Agricultural Research Service

Research Project: ENGINEERING TOOLS FOR SAFE, EFFICIENT HYDRAULIC STRUCTURES AND CHANNELS

Location: Hydraulic Engineering Research

Title: Physical model study of a RCC stepped spillway for Renwick Dam, North Dakota

Authors
item Hunt, Sherry
item Kadavy, Kem

Submitted to: ASABE Annual International Meeting
Publication Type: Proceedings
Publication Acceptance Date: June 1, 2007
Publication Date: June 17, 2007
Repository URL: http://handle.nal.usda.gov/10113/8861
Citation: Hunt, S., Kadavy, K.C. 2007. Physical model study of a RCC stepped spillway for Renwick Dam, North Dakota. In: ASABE Annual International Meeting, June 17-20, 2007, Minneapolis, Minnesota. Paper No. 072155. 2007. CD-ROM.

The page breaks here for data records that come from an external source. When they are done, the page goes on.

theorem mainTheorem7:
  shows "(\<forall>n\<ge>1. free_robustness (STAB n) (Phi_T n) \<le> sqrt 2 / 2)
    \<and> (\<forall>n m z. n \<ge> 1 \<longrightarrow> m \<ge> 1 \<longrightarrow> valid_sample n m z \<longrightarrow>
         rademacher m z (F_class n (STAB n \<union> {Phi_T n}))
           \<le> (1 + sqrt 2 / 2) * rademacher m z (F_class n (STAB n)))
    \<and> (\<forall>n m z k. n \<ge> 1 \<longrightarrow> m \<ge> 1 \<longrightarrow> valid_sample n m z \<longrightarrow>
         rademacher m z (F_class n (STAB_T n k))
           \<le> (1 + sqrt 2) ^ k * rademacher m z (F_class n (STAB n)))
    \<and> (\<exists>C::real. \<forall>n m z k. n \<ge> 1 \<longrightarrow> m \<ge> 1 \<longrightarrow> valid_sample n m z \<longrightarrow>
         rademacher m z (F_class n (STAB_T n k))
           \<le> C * (1 + sqrt 2) ^ k * (real n / sqrt (real m))
              * (SUP \<Phi>\<in>STAB n. sup_norm_vec m z (f_chan n \<Phi>)))"
proof -
  have R0: "0 \<le> rademacher m z (F_class n (STAB n))" if "valid_sample n m z" for n m z
    by (rule rademacher_nonneg[OF F_class_STAB_nonempty bdd_above_sample_corr_STAB[OF that]])
  have weaken: "x \<le> a * y \<Longrightarrow> a \<le> b \<Longrightarrow> 0 \<le> y \<Longrightarrow> x \<le> b * y" for x a b y :: real
    by (meson mult_right_mono order_trans)
  have sqrt2: "sqrt (2::real) \<le> 1 + sqrt 2 / 2" using real_sqrt_le_iff[of 2 4] by simp
  have single: "rademacher m z (F_class n (STAB n \<union> {Phi_T n}))
      \<le> (1 + sqrt 2 / 2) * rademacher m z (F_class n (STAB n))"
    if "1 \<le> n" "valid_sample n m z" for n m z
    by (rule weaken[where a="sqrt 2"]) (use that sqrt2 R0 rademacher_STAB_Phi_T_le in auto)
  have T_gates: "rademacher m z (F_class n (STAB_T n k))
      \<le> (1 + sqrt 2) ^ k * rademacher m z (F_class n (STAB n))"
    if "1 \<le> n" "valid_sample n m z" for n m z k
    by (rule weaken[where a="sqrt 2 ^ k"]) (use that R0 rademacher_STAB_T_le in \<open>auto intro: power_mono\<close>)
  have "rademacher m z (F_class n (STAB_T n k)) \<le> sqrt 8 * (1 + sqrt 2) ^ k * (real n / sqrt (real m))
      * (SUP \<Phi>\<in>STAB n. sup_norm_vec m z (f_chan n \<Phi>))"
    if "1 \<le> n" "1 \<le> m" "valid_sample n m z" for n m z k
    using order_trans[OF T_gates[OF that(1,3)] mult_left_mono[OF rademacher_STAB_le[OF that(3,1,2)]]]
    by (simp add: mult_ac)
  moreover have "free_robustness (STAB n) (Phi_T n) \<le> sqrt 2 / 2" if "1 \<le> n" for n
    using free_robustness_Phi_T[of n] that by simp
  ultimately show ?thesis using single T_gates by blast
qed

end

Interpretive Summary: Many of the flood control structures constructed under the financial and technical support of the Natural Resources Conservation Service (NRCS) were originally designed to protect agricultural land. Through the years, land development around these structures has caused a change in hazard classification, causing some of these structures to have inadequate spillway capacity. Urbanization, land use changes, and unobtainable land rights have limited the possibilities of altering the dimensions of the existing embankment and spillways; consequently, roller compacted concrete (RCC) stepped spillways overlying the existing embankment are becoming a more popular choice for addressing the needs of these structures. The North Dakota NRCS requested a specific model study of a RCC stepped spillway proposed for the rehabilitation of Tongue River Dam M-4, also known as Renwick Dam. The USDA-ARS Hydraulic Engineering Research Unit (HERU) constructed a section of a physical model of a stepped spillway as proposed by the North Dakota NRCS. The goal of the study is to provide design recommendations for the stepped spillway chute and associated energy dissipating stilling basin. This research is expected to impact the development of design guidelines for stepped spillways and associated stilling basins planned on relatively flat slopes (theta less than or greater than 22 degrees).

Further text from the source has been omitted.